- WHAT YOU WILL DO
Every line of the entries below from the one containing "define y where" to the one containing "y by (simp_all add: a_comm)", both ends included, must be written out exactly. No other line belongs in the answer.

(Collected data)
--*--

lemma zd_total_dominating_edge:
  assumes tf: "\<not> zd_has_cycle R 3"
    and reduced: "\<And>y. y \<in> carrier R \<Longrightarrow> y \<otimes> y = \<zero> \<Longrightarrow> y = \<zero>"
    and a: "a \<in> carrier R" "a \<noteq> \<zero>" and b: "b \<in> carrier R" "b \<noteq> \<zero>" and ab: "a \<otimes> b = \<zero>"
  shows "zd_total_dominating R {a, b}"
proof -
  have "{a, b} \<subseteq> zd_vertices R" using zd_vertices_memI a b ab by (metis empty_subsetI insert_subset m_comm)
  moreover have "v \<otimes> a = \<zero> \<or> v \<otimes> b = \<zero>" if v: "v \<in> zd_vertices R" for v
  proof (rule ccontr)
    assume "\<not> ?thesis"
    hence va: "v \<otimes> a \<noteq> \<zero>" and vb: "v \<otimes> b \<noteq> \<zero>" by auto
    from v obtain w where vc: "v \<in> carrier R" and w: "w \<in> carrier R" "w \<noteq> \<zero>" "v \<otimes> w = \<zero>"
      by (auto simp: zd_vertices_def)
    have "(v \<otimes> a) \<otimes> (v \<otimes> b) = (v \<otimes> v) \<otimes> (a \<otimes> b)"
      "(v \<otimes> b) \<otimes> w = b \<otimes> (v \<otimes> w)" "(v \<otimes> a) \<otimes> w = a \<otimes> (v \<otimes> w)"
      using a b vc w by algebra+
    hence prods: "(v \<otimes> a) \<otimes> (v \<otimes> b) = \<zero>" "(v \<otimes> b) \<otimes> w = \<zero>" "(v \<otimes> a) \<otimes> w = \<zero>"
      using a b vc w ab by simp_all
    moreover have "(v \<otimes> a) \<otimes> (v \<otimes> a) \<noteq> \<zero>" "(v \<otimes> b) \<otimes> (v \<otimes> b) \<noteq> \<zero>"
      using reduced[of "v \<otimes> a"] reduced[of "v \<otimes> b"] va vb a b vc by auto
    ultimately have "v \<otimes> a \<noteq> v \<otimes> b" "v \<otimes> b \<noteq> w" "v \<otimes> a \<noteq> w" by metis+
    thus False using zd_has_cycle_3I[of "v \<otimes> a" "v \<otimes> b" w] prods tf va vb w vc a b by auto
  qed
  ultimately show ?thesis by (auto simp: zd_total_dominating_def zd_adj_def)
qed

lemma annihilator_annihilates_square_zero:
  assumes tf: "\<not> zd_has_cycle R 3" and x: "x \<in> carrier R" "x \<noteq> \<zero>" "x \<otimes> x = \<zero>"
    and z: "z \<in> carrier R" "z \<otimes> x \<noteq> \<zero>" and w: "w \<in> carrier R" "z \<otimes> w = \<zero>"
  shows "w \<otimes> x = \<zero>"
proof -
  define y where "y = z \<otimes> x"
  have "x \<otimes> y = z \<otimes> (x \<otimes> x)" "y \<otimes> y = (z \<otimes> z) \<otimes> (x \<otimes> x)" "w \<otimes> y = (z \<otimes> w) \<otimes> x"
    unfolding y_def using x(1) z(1) w(1) by algebra+
  hence y: "y \<in> carrier R" "y \<noteq> \<zero>" "x \<otimes> y = \<zero>" "y \<otimes> y = \<zero>" "w \<otimes> y = \<zero>"
    using x z w by (simp_all add: y_def)
  have "x \<oplus> y = \<zero>" if "y \<noteq> x"
  proof (rule ccontr)
    assume "x \<oplus> y \<noteq> \<zero>"
    moreover have "x \<otimes> (x \<oplus> y) = \<zero>" "y \<otimes> (x \<oplus> y) = \<zero>" using x y by (simp_all add: r_distr m_comm)
    moreover have "x \<noteq> x \<oplus> y" "y \<noteq> x \<oplus> y" using x y by (simp_all add: a_comm)
    ultimately show False using zd_has_cycle_3I[of x y "x \<oplus> y"] tf x y that by auto
  qed
  hence "y = x \<or> y = \<ominus> x" using x y minus_equality[of y x] by (auto simp: a_comm)
  thus ?thesis using y x w by (auto simp: r_minus)
qed

lemma square_zero_annihilator_square_nonzero:
  assumes tf: "\<not> zd_has_cycle R 3" and x: "x \<in> carrier R" "x \<noteq> \<zero>" "x \<otimes> x = \<zero>"
    and u: "u \<in> carrier R" "u \<noteq> \<zero>" "u \<otimes> x = \<zero>" "u \<noteq> x" "u \<noteq> \<ominus> x"
  shows "u \<otimes> u \<noteq> \<zero>"
proof
  assume "u \<otimes> u = \<zero>"
  moreover have "u \<oplus> x \<noteq> \<zero>" using u x minus_equality[of u x] by auto
  moreover have "u \<oplus> x \<noteq> u" "u \<oplus> x \<noteq> x" using u x by (simp_all add: a_comm)
  ultimately show False
    using zd_has_cycle_3I[of u x "u \<oplus> x"] tf u x by (auto simp: r_distr m_comm)
qed

text \<open>The nonzero element c = b w kills x, z and v. If v b \<noteq> 0, then u = b v, x and c form a
  triangle, unless u = c is square-zero, which the previous lemma rules out.\<close>

lemma annihilator_shared_off_square_zero:
  assumes tf: "\<not> zd_has_cycle R 3" and x: "x \<in> carrier R" "x \<noteq> \<zero>" "x \<otimes> x = \<zero>"
    and z: "z \<in> carrier R" "z \<otimes> x \<noteq> \<zero>" and b: "b \<in> carrier R" "b \<noteq> \<zero>" "z \<otimes> b = \<zero>"
    and v: "v \<in> zd_vertices R" "v \<otimes> x \<noteq> \<zero>"
  shows "v \<otimes> b = \<zero>"
proof -
  from v obtain w where vc: "v \<in> carrier R" and w: "w \<in> carrier R" "w \<noteq> \<zero>" "v \<otimes> w = \<zero>"
    by (auto simp: zd_vertices_def)
  have bx: "b \<otimes> x = \<zero>" and wx: "w \<otimes> x = \<zero>"
    using annihilator_annihilates_square_zero[OF tf x] z b vc v(2) w by blast+
  show ?thesis
  proof (cases "w = b")
    case False
    define c where "c = b \<otimes> w"
    have "z \<otimes> c = (z \<otimes> b) \<otimes> w" "c \<otimes> x = (b \<otimes> x) \<otimes> w" "v \<otimes> c = b \<otimes> (v \<otimes> w)"
      unfolding c_def using b(1) w(1) x(1) z(1) vc by algebra+
    hence c: "c \<in> carrier R" "z \<otimes> c = \<zero>" "c \<otimes> x = \<zero>" "v \<otimes> c = \<zero>"
      using b w bx by (simp_all add: c_def)
    have "x \<noteq> b" "x \<noteq> w" using z b w vc v(2) by auto
    hence "c \<noteq> \<zero>" using zd_has_cycle_3I[of x b w] tf x b w bx wx False
      by (auto simp: c_def m_comm)
    moreover have "c \<noteq> x" "c \<noteq> \<ominus> x" using c z x by (auto simp: r_minus)
    ultimately have csq: "c \<otimes> c \<noteq> \<zero>"
      using square_zero_annihilator_square_nonzero[OF tf x] c by blast
    show ?thesis
    proof (rule ccontr)
      define u where "u = b \<otimes> v"
      assume "v \<otimes> b \<noteq> \<zero>"
      hence "u \<noteq> \<zero>" using u_def b vc m_comm by simp
      moreover have "u \<otimes> x = v \<otimes> (b \<otimes> x)" "z \<otimes> u = (z \<otimes> b) \<otimes> v" "u \<otimes> c = (b \<otimes> b) \<otimes> (v \<otimes> w)"
        unfolding u_def c_def using b(1) vc x(1) z(1) w(1) by algebra+
      hence "u \<in> carrier R" "u \<otimes> x = \<zero>" "z \<otimes> u = \<zero>" "u \<otimes> c = \<zero>"
        using b vc w bx by (simp_all add: u_def)
      moreover have "u \<noteq> x" "u \<noteq> c" using calculation z csq by auto
      ultimately show False using zd_has_cycle_3I[of x u c] tf x c \<open>c \<noteq> \<zero>\<close> \<open>c \<noteq> x\<close>
        by (auto simp: m_comm)
    qed
  qed (use w in simp)
qed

--*--

- SOLUTION FOR THIS EXERCISE
  define y where "y = z \<otimes> x"
  have "x \<otimes> y = z \<otimes> (x \<otimes> x)" "y \<otimes> y = (z \<otimes> z) \<otimes> (x \<otimes> x)" "w \<otimes> y = (z \<otimes> w) \<otimes> x"
    unfolding y_def using x(1) z(1) w(1) by algebra+
  hence y: "y \<in> carrier R" "y \<noteq> \<zero>" "x \<otimes> y = \<zero>" "y \<otimes> y = \<zero>" "w \<otimes> y = \<zero>"
    using x z w by (simp_all add: y_def)
  have "x \<oplus> y = \<zero>" if "y \<noteq> x"
  proof (rule ccontr)
    assume "x \<oplus> y \<noteq> \<zero>"
    moreover have "x \<otimes> (x \<oplus> y) = \<zero>" "y \<otimes> (x \<oplus> y) = \<zero>" using x y by (simp_all add: r_distr m_comm)
    moreover have "x \<noteq> x \<oplus> y" "y \<noteq> x \<oplus> y" using x y by (simp_all add: a_comm)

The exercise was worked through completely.